FIFA president Gianni Infantino is said to have pushed for support of the United bid, which had promised a more profitable tournament.

Infantino has also been closely working with the Saudi Arabian football officials recently. Saudi Arabia has emerged as a key powerbroker in global football recently and is said to have been behind a consortium which promised FIFA $25billion for control of two tournaments.

On Tuesdaynight, Saudi Arabian Football Federation hosted an Iftar party at a plush hotel in the Moscow city centre. AFC president Sheikh Salman bin Ebrahim Al Khalifa was the guest of honour there.

Sheikh Salman had initially objected to the formation of the SWAFF but the AFC has since cleared the way for the new body’s inception but said it wouldn’t change the five zones the AFC is divided into.

Sheikh Salman has also been said to have been behind the United bid. The only Asian countries to vote for Morocco apart from Oman and Yemen were China, Qatar, Chinese Taipei, Brunei Darrusalam, Kazakhstan, North Korea, Palestine, Tajikistan and Syria.

“It’s life,” Morocco bid ambassador El Hadji Diouf toldDawnwhen asked if he expected more votes from Asia. “It’s life. You have to move on. But its good to see Africa and its people were all united with Morocco.”

Morocco, whose bid was a fifth failed one following 1994, 1998, 2006 and 2010, only managed to get 65 votes to United’s 134.

Earlier, Infantino announced FIFA was in a better financial state than it was when he took over two years ago when the world’s football governing body suffered its worst crisis that saw several of its officials being indicted in the US following a sprawling FBI investigation.

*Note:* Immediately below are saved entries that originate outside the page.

(* For every even integer $n\ge 6$ there exists an $n$-intersection polished graph with exactly $n^2/4+3n/2$ vertices that has at least $2^{n/2}$ maximal cliques. Consequently, there is an infinite family of graphs $G$, each $k$-intersection polished for a suitable $k$ depending on $G$, whose number of maximal cliques is exponential in $\sqrt{|V(G)|}$.
   Context: All graphs are finite and simple. For a vertex $v$, $N[v]$ denotes its closed neighbourhood (the set of neighbours of $v$ together with $v$). For an integer $k$, $P^k(G)$ is the graph on the same vertex set as $G$ in which two distinct vertices $u,v$ are adjacent if and only if $|N[u]\cap N[v]|\ge k$, the closed neighbourhoods being taken in $G$. A graph $G$ is called $k$-intersection polished if $P^k(G)=G$. A clique is a set of pairwise adjacent vertices; it is maximal if it is not properly contained in another clique. *)

theory Defs
  imports Main
begin

definition simple_graph :: "'a set \<Rightarrow> ('a \<Rightarrow> 'a \<Rightarrow> bool) \<Rightarrow> bool" where
  "simple_graph V E \<longleftrightarrow> finite V \<and>
     (\<forall>u v. E u v \<longrightarrow> u \<in> V \<and> v \<in> V) \<and>
     (\<forall>u v. E u v \<longrightarrow> E v u) \<and> (\<forall>v. \<not> E v v)"
(* Let $V$ be an $n$-dimensional complex vector space with basis $e_1,\ldots,e_n$ and dual basis $e_1^*,\ldots,e_n^*$. Let $a_{ij}=e_i\otimes e_j-e_j\otimes e_i\in\Lambda_2(V)$, $b_{ij}=e_i^*\otimes e_j^*+e_j^*\otimes e_i^*\in S_2(V^* )$, $A=(a_{ij})$, $B=(b_{ij})\in\operatorname{Mat}_{n,n}(\Lambda(\Lambda_2(V)\oplus S_2(V^* )))$, let $v={}^t(v_1,\ldots,v_n)$, $w={}^t(w_1,\ldots,w_n)$ with $v_i,w_i\in\mathbb{C}$ arbitrary, and put $$Q=\sum_{\sigma\in S_{n+1}}\sum_{1\le i_1,\ldots,i_{n+1}\le n}\operatorname{sgn}(\sigma)(AB)_{i_1i_{\sigma(1)}}\cdots(AB)_{i_{n-1}i_{\sigma(n-1)}}A_{i_ni_{n+1}}w_{i_{\sigma(n)}}v_{i_{\sigma(n+1)}}.$$ Then $Q=(-1)^{n-1}\,2\,(n-1)!\,{}^tw\,A(BA)^{n-1}v$.
   Context: $\Lambda(\Lambda_2(V)\oplus S_2(V^* ))$ is the exterior algebra on $\Lambda_2(V)\oplus S_2(V^* )$; the $a_{ij}$, $b_{ij}$ are of degree one (pairwise anticommuting), $a_{ji}=-a_{ij}$, $b_{ji}=b_{ij}$. All products of entries are taken in the order written. *)

theory Defs
  imports Complex_Main "HOL-Combinatorics.Permutations" "HOL-Library.Product_Lexorder"
begin

text \<open>Exterior algebra over the complex numbers on the generators
  a_ij (i < j), tagged True, and b_ij (i \<le> j), tagged False.
  An element is a coefficient function on finite sets of generators
  (the basis monomial of a finite set S is the product of its elements in
  increasing order). Values at infinite sets are irrelevant (always 0 for
  everything built below).\<close>

type_synonym gen = "bool \<times> nat \<times> nat"
type_synonym ext = "gen set \<Rightarrow> complex"

definition inv_sign :: "gen set \<Rightarrow> gen set \<Rightarrow> complex" where
  "inv_sign S T = (-1) ^ card {(s, t). s \<in> S \<and> t \<in> T \<and> t < s}"

definition ext_mul :: "ext \<Rightarrow> ext \<Rightarrow> ext" (infixl "\<odot>" 70) where
  "ext_mul x y = (\<lambda>U. if finite U
      then (\<Sum>S\<in>Pow U. inv_sign S (U - S) * x S * y (U - S)) else 0)"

It has also been said that Infantino’s support for the United bid was due to the fact that he wanted to appease the authorities in the US.

“FIFA was clinically dead,” Infantino said, addressing the Congress. “Today it is alive and well, and full of joy, full of passion and having a vision for its future.”

He closed the Congress with remarks on his own future: that he would run for re-election next year. And probably to ensure a re-election, FIFA has offered member associations a 20 percent increase in funding in its Forward development programme.